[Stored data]
definition wsup :: "real set \<Rightarrow> real" where
  "wsup S = Sup (insert 0 S)"

text \<open>Functions in K^Omega are represented as functions 'x => 'k vanishing outside Omega;
  functions in K^(omega_m) as functions vanishing outside omega_m. Mtop = (UN l:L. M l).\<close>
definition FV_data :: "'x set \<Rightarrow> 'j set \<Rightarrow> 'l set \<Rightarrow> ('l \<Rightarrow> 'm set) \<Rightarrow> ('j \<Rightarrow> 'l \<Rightarrow> 'm \<Rightarrow> 'x \<Rightarrow> real)
   \<Rightarrow> 'm set \<Rightarrow> 'm set \<Rightarrow> ('m \<Rightarrow> 'x set) \<Rightarrow> ('m \<Rightarrow> ('x \<Rightarrow> 'k::real_normed_field) set)
   \<Rightarrow> ('m \<Rightarrow> ('x \<Rightarrow> 'k) \<Rightarrow> 'x \<Rightarrow> 'k) \<Rightarrow> bool" where
  "FV_data \<Omega> J L M \<nu> M0 Mr \<omega> domT T \<longleftrightarrow>
     \<Omega> \<noteq> {} \<and> J \<noteq> {} \<and> L \<noteq> {} \<and> (\<forall>l\<in>L. M l \<noteq> {}) \<and>
     (\<forall>j\<in>J. \<forall>l\<in>L. \<forall>m\<in>M l. \<forall>x\<in>\<Omega>. \<nu> j l m x \<ge> 0) \<and>
     (\<forall>x\<in>\<Omega>. \<forall>l\<in>L. \<exists>j\<in>J. \<forall>m\<in>M l. \<nu> j l m x > 0) \<and>
     (\<Union>l\<in>L. M l) \<inter> M0 = {} \<and> (\<Union>l\<in>L. M l) \<inter> Mr = {} \<and> M0 \<inter> Mr = {} \<and>
     (\<forall>m\<in>(\<Union>l\<in>L. M l) \<union> M0 \<union> Mr. \<omega> m \<noteq> {}) \<and>
     (\<forall>m\<in>(\<Union>l\<in>L. M l). \<Omega> \<subseteq> \<omega> m) \<and>
     (\<forall>m\<in>(\<Union>l\<in>L. M l) \<union> M0 \<union> Mr.
        domT m \<subseteq> {f. \<forall>x. x \<notin> \<Omega> \<longrightarrow> f x = 0} \<and>
        (\<lambda>x. 0) \<in> domT m \<and>
        (\<forall>f\<in>domT m. \<forall>g\<in>domT m. (\<lambda>x. f x + g x) \<in> domT m \<and>
            T m (\<lambda>x. f x + g x) = (\<lambda>x. T m f x + T m g x)) \<and>
        (\<forall>f\<in>domT m. \<forall>c. (\<lambda>x. c * f x) \<in> domT m \<and> T m (\<lambda>x. c * f x) = (\<lambda>x. c * T m f x)) \<and>
        (\<forall>f\<in>domT m. \<forall>x. x \<notin> \<omega> m \<longrightarrow> T m f x = 0))"

definition FVsn :: "'x set \<Rightarrow> ('l \<Rightarrow> 'm set) \<Rightarrow> ('j \<Rightarrow> 'l \<Rightarrow> 'm \<Rightarrow> 'x \<Rightarrow> real)
   \<Rightarrow> ('m \<Rightarrow> ('x \<Rightarrow> 'k::real_normed_field) \<Rightarrow> 'x \<Rightarrow> 'k) \<Rightarrow> 'j \<Rightarrow> 'l \<Rightarrow> ('x \<Rightarrow> 'k) \<Rightarrow> real" where
  "FVsn \<Omega> M \<nu> T j l f = wsup {norm (T m f x) * \<nu> j l m x | x m. x \<in> \<Omega> \<and> m \<in> M l}"

definition FVspace :: "'x set \<Rightarrow> 'j set \<Rightarrow> 'l set \<Rightarrow> ('l \<Rightarrow> 'm set) \<Rightarrow> ('j \<Rightarrow> 'l \<Rightarrow> 'm \<Rightarrow> 'x \<Rightarrow> real)
   \<Rightarrow> 'm set \<Rightarrow> 'm set \<Rightarrow> ('m \<Rightarrow> 'x set) \<Rightarrow> ('m \<Rightarrow> ('x \<Rightarrow> 'k::real_normed_field) set)
   \<Rightarrow> ('m \<Rightarrow> ('x \<Rightarrow> 'k) \<Rightarrow> 'x \<Rightarrow> 'k) \<Rightarrow> ('x \<Rightarrow> 'k) set" where
  "FVspace \<Omega> J L M \<nu> M0 Mr \<omega> domT T = {f.
     (\<forall>m\<in>(\<Union>l\<in>L. M l) \<union> M0 \<union> Mr. f \<in> domT m) \<and>
     (\<forall>m\<in>M0. \<forall>x\<in>\<omega> m. T m f x = 0) \<and>
     (\<forall>j\<in>J. \<forall>l\<in>L. bdd_above {norm (T m f x) * \<nu> j l m x | x m. x \<in> \<Omega> \<and> m \<in> M l})}"

definition FVtop :: "'x set \<Rightarrow> 'j set \<Rightarrow> 'l set \<Rightarrow> ('l \<Rightarrow> 'm set) \<Rightarrow> ('j \<Rightarrow> 'l \<Rightarrow> 'm \<Rightarrow> 'x \<Rightarrow> real)
   \<Rightarrow> 'm set \<Rightarrow> 'm set \<Rightarrow> ('m \<Rightarrow> 'x set) \<Rightarrow> ('m \<Rightarrow> ('x \<Rightarrow> 'k::real_normed_field) set)
   \<Rightarrow> ('m \<Rightarrow> ('x \<Rightarrow> 'k) \<Rightarrow> 'x \<Rightarrow> 'k) \<Rightarrow> ('x \<Rightarrow> 'k) topology" where
  "FVtop \<Omega> J L M \<nu> M0 Mr \<omega> domT T =
     seminorm_topology (J \<times> L) (\<lambda>(j, l). FVsn \<Omega> M \<nu> T j l) (FVspace \<Omega> J L M \<nu> M0 Mr \<omega> domT T)"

- _Task to complete_
What the answer needs is every line from the data above with "longrightarrow" in it.

- _Answer section_
        domT m \<subseteq> {f. \<forall>x. x \<notin> \<Omega> \<longrightarrow> f x = 0} \<and>
        (\<forall>f\<in>domT m. \<forall>x. x \<notin> \<omega> m \<longrightarrow> T m f x = 0))"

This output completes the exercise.